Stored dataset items
----
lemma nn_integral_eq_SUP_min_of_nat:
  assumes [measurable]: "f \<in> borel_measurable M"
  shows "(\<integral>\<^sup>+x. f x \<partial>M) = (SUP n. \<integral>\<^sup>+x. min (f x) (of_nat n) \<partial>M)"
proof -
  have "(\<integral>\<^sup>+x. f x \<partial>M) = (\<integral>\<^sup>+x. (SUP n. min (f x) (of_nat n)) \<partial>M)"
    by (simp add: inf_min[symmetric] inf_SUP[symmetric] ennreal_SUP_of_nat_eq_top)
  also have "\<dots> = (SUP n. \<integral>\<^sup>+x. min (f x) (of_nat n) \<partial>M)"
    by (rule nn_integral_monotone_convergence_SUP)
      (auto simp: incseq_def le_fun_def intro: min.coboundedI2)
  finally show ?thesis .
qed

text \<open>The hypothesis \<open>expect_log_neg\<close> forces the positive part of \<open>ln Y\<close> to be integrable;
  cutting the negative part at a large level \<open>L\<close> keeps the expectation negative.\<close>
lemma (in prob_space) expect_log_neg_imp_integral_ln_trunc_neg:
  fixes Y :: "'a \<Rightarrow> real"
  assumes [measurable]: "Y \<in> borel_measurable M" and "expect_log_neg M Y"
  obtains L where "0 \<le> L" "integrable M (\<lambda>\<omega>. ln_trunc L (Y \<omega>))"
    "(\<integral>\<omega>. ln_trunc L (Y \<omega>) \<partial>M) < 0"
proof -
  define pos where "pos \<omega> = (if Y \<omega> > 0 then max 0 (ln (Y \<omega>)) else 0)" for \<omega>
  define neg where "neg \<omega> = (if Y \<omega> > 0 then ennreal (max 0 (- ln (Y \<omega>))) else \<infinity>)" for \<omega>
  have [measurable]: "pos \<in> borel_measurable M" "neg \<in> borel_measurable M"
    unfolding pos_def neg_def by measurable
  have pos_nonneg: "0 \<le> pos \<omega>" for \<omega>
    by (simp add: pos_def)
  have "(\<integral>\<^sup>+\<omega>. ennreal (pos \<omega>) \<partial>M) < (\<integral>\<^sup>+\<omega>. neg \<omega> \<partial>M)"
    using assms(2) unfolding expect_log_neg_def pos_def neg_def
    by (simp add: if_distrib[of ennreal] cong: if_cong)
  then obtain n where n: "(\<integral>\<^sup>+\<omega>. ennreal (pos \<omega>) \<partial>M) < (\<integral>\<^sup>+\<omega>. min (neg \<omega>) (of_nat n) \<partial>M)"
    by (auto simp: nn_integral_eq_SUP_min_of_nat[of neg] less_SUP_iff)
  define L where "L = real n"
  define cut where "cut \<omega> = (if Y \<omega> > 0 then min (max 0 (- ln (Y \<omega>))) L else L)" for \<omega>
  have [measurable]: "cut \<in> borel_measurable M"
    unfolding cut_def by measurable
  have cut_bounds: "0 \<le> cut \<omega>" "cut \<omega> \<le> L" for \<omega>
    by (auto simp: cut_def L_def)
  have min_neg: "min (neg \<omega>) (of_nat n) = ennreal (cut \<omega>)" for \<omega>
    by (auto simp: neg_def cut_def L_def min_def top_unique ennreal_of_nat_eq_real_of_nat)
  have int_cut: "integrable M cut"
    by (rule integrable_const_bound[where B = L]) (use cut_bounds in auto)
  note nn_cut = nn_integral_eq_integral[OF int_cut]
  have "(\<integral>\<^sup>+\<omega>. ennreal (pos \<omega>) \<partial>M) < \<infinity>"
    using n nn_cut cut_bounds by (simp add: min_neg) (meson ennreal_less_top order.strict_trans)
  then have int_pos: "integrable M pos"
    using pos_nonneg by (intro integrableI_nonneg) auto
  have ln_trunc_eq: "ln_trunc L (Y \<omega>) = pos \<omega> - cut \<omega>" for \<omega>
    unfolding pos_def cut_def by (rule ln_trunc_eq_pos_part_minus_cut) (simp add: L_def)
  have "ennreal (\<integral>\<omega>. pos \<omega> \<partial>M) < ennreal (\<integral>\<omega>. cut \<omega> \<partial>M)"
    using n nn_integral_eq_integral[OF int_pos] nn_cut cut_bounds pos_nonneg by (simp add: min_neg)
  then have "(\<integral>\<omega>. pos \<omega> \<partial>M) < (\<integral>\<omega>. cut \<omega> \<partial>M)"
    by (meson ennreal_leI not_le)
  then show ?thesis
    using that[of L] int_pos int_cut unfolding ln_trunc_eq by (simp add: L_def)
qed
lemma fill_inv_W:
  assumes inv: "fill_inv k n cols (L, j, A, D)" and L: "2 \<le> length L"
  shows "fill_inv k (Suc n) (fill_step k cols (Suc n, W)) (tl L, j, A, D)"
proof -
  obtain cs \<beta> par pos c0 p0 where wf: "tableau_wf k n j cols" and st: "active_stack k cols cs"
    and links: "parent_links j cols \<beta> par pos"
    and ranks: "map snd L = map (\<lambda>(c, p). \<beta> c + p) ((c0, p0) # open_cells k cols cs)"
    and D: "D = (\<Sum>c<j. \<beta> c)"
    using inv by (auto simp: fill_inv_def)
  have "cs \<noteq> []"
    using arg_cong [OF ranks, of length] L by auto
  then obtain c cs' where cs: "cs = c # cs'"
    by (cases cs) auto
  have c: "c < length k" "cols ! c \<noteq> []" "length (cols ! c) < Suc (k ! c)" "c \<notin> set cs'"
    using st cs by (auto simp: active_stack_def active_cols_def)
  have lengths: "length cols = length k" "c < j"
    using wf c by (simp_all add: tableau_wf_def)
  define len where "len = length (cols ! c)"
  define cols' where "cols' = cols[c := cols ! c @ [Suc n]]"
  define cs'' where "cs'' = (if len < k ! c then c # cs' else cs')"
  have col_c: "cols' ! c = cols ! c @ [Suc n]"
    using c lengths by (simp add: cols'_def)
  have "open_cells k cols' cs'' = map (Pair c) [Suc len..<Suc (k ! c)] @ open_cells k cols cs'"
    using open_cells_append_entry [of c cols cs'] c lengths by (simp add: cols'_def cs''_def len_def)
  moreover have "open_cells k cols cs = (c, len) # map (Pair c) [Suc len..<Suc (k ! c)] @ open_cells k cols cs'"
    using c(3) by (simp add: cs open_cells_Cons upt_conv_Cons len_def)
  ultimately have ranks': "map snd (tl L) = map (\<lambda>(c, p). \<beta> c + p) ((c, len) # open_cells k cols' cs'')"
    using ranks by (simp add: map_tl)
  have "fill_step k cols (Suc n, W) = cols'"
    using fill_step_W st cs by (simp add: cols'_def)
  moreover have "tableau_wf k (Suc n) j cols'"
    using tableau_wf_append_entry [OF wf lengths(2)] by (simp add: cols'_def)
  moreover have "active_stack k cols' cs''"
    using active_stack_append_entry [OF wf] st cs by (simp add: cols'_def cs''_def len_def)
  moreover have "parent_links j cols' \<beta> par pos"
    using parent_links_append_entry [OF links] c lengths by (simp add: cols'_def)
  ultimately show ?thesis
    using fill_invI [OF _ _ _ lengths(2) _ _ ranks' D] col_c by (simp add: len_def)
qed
----
(Your goal)
Copy out only the lines above from the one with "cols = length" to the one with "using c lengths by (simp add: cols'_def)", inclusive, exactly as they stand.

(Result of the exercise)
  have lengths: "length cols = length k" "c < j"
    using wf c by (simp_all add: tableau_wf_def)
  define len where "len = length (cols ! c)"
  define cols' where "cols' = cols[c := cols ! c @ [Suc n]]"
  define cs'' where "cs'' = (if len < k ! c then c # cs' else cs')"
  have col_c: "cols' ! c = cols ! c @ [Suc n]"
    using c lengths by (simp add: cols'_def)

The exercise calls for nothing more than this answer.